Re: What does it mean to "not be a valid string in Unicode"?

From: Mark Davis ☕ <mark_at_macchiato.com>
Date: Fri, 4 Jan 2013 17:12:23 -0800

To assess whether a string is invalid, it all depends on what the string is
supposed to be.

1. As Ken says, if a string is supposed to be in a given encoding form
(UTF), but it consists of an ill-formed sequence of code units for that
encoding form, it would be invalid. So an isolated surrogate (eg 0xD800) in
UTF-16 or any surrogate (eg 0x0000D800) in UTF-32 would make the string
invalid.
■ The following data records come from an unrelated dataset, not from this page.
text \<open>Intrinsic location functional. The compact interval [a,b], a<b, is encoded by its
  endpoints; the value infinity is the ereal PInfty.\<close>
definition intrinsic_location_functional ::
  "(real \<Rightarrow> real) set \<Rightarrow> ((real \<Rightarrow> real) \<Rightarrow> real \<Rightarrow> real \<Rightarrow> ereal) \<Rightarrow> bool" where
  "intrinsic_location_functional H L \<longleftrightarrow>
     (\<forall>a b. a < b \<longrightarrow> (\<lambda>g. L g a b) \<in> borel_measurable (H_space H)) \<and>
     (\<forall>g\<in>H. \<forall>a b. a < b \<longrightarrow> L g a b \<in> ereal ` {a..b} \<union> {\<infinity>}) \<and>
     (\<forall>g\<in>H. \<forall>a b c. a < b \<longrightarrow> L g a b = L (shift c g) (a - c) (b - c) + ereal c) \<and>
     (\<forall>g\<in>H. \<forall>a1 b1 a2 b2. a1 < b1 \<and> a2 < b2 \<and> a1 \<le> a2 \<and> b2 \<le> b1 \<longrightarrow>
        L g a1 b1 \<in> ereal ` {a2..b2} \<longrightarrow> L g a2 b2 = L g a1 b1) \<and>
     (\<forall>g\<in>H. \<forall>a1 b1 a2 b2. a1 < b1 \<and> a2 < b2 \<and> a1 \<le> a2 \<and> b2 \<le> b1 \<longrightarrow>
        L g a2 b2 \<noteq> \<infinity> \<longrightarrow> L g a1 b1 \<noteq> \<infinity>)"

definition invariant_ILF ::
  "(real \<Rightarrow> real) set \<Rightarrow> ((real \<Rightarrow> real) \<Rightarrow> real \<Rightarrow> real \<Rightarrow> ereal) \<Rightarrow> bool" where
  "invariant_ILF H L \<longleftrightarrow>
     intrinsic_location_functional H L \<and>
     (\<forall>g\<in>H. \<forall>a b. a < b \<longrightarrow> L g a b \<noteq> \<infinity>) \<and>
     (\<forall>g\<in>H. \<forall>a. frac (real_of_ereal (L g 0 1)) = frac (real_of_ereal (L g a (a + 1))))"

definition periodic_stationary_process ::
  "(real \<Rightarrow> real) set \<Rightarrow> 'w measure \<Rightarrow> ('w \<Rightarrow> real \<Rightarrow> real) \<Rightarrow> bool" where
  "periodic_stationary_process H M X \<longleftrightarrow>
     prob_space M \<and>
     X \<in> measurable M path_space \<and>
     (\<forall>\<omega>\<in>space M. X \<omega> \<in> H \<and> continuous_on UNIV (X \<omega>)) \<and>
     (\<forall>c. distr M path_space (\<lambda>\<omega>. shift c (X \<omega>)) = distr M path_space X)"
For example, a Java String may be an invalid UTF-16 string. See
http://www.unicode.org/glossary/#unicode_encoding_form

2. However, a "Unicode X-bit string" does not have the same restrictions:
it may contain sequences that would be ill-formed in the corresponding UTF-X
encoding form. So a Java String is always a valid Unicode 16-bit string.
See http://www.unicode.org/glossary/#unicode_string

3. Noncharacters are also valid in interchange, depending on the sense of
"interchange". The TUS says ""In effect, noncharacters can be thought of as
application-internal private-use code points." If I couldn't interchange
them ever, even internal to my application, or between different modules
that compose my application, they'd be pointless. They are, however,
strongly discouraged in *public* interchange. The glossary entry and some
of the standard text is a bit old here, and needs to be clarified.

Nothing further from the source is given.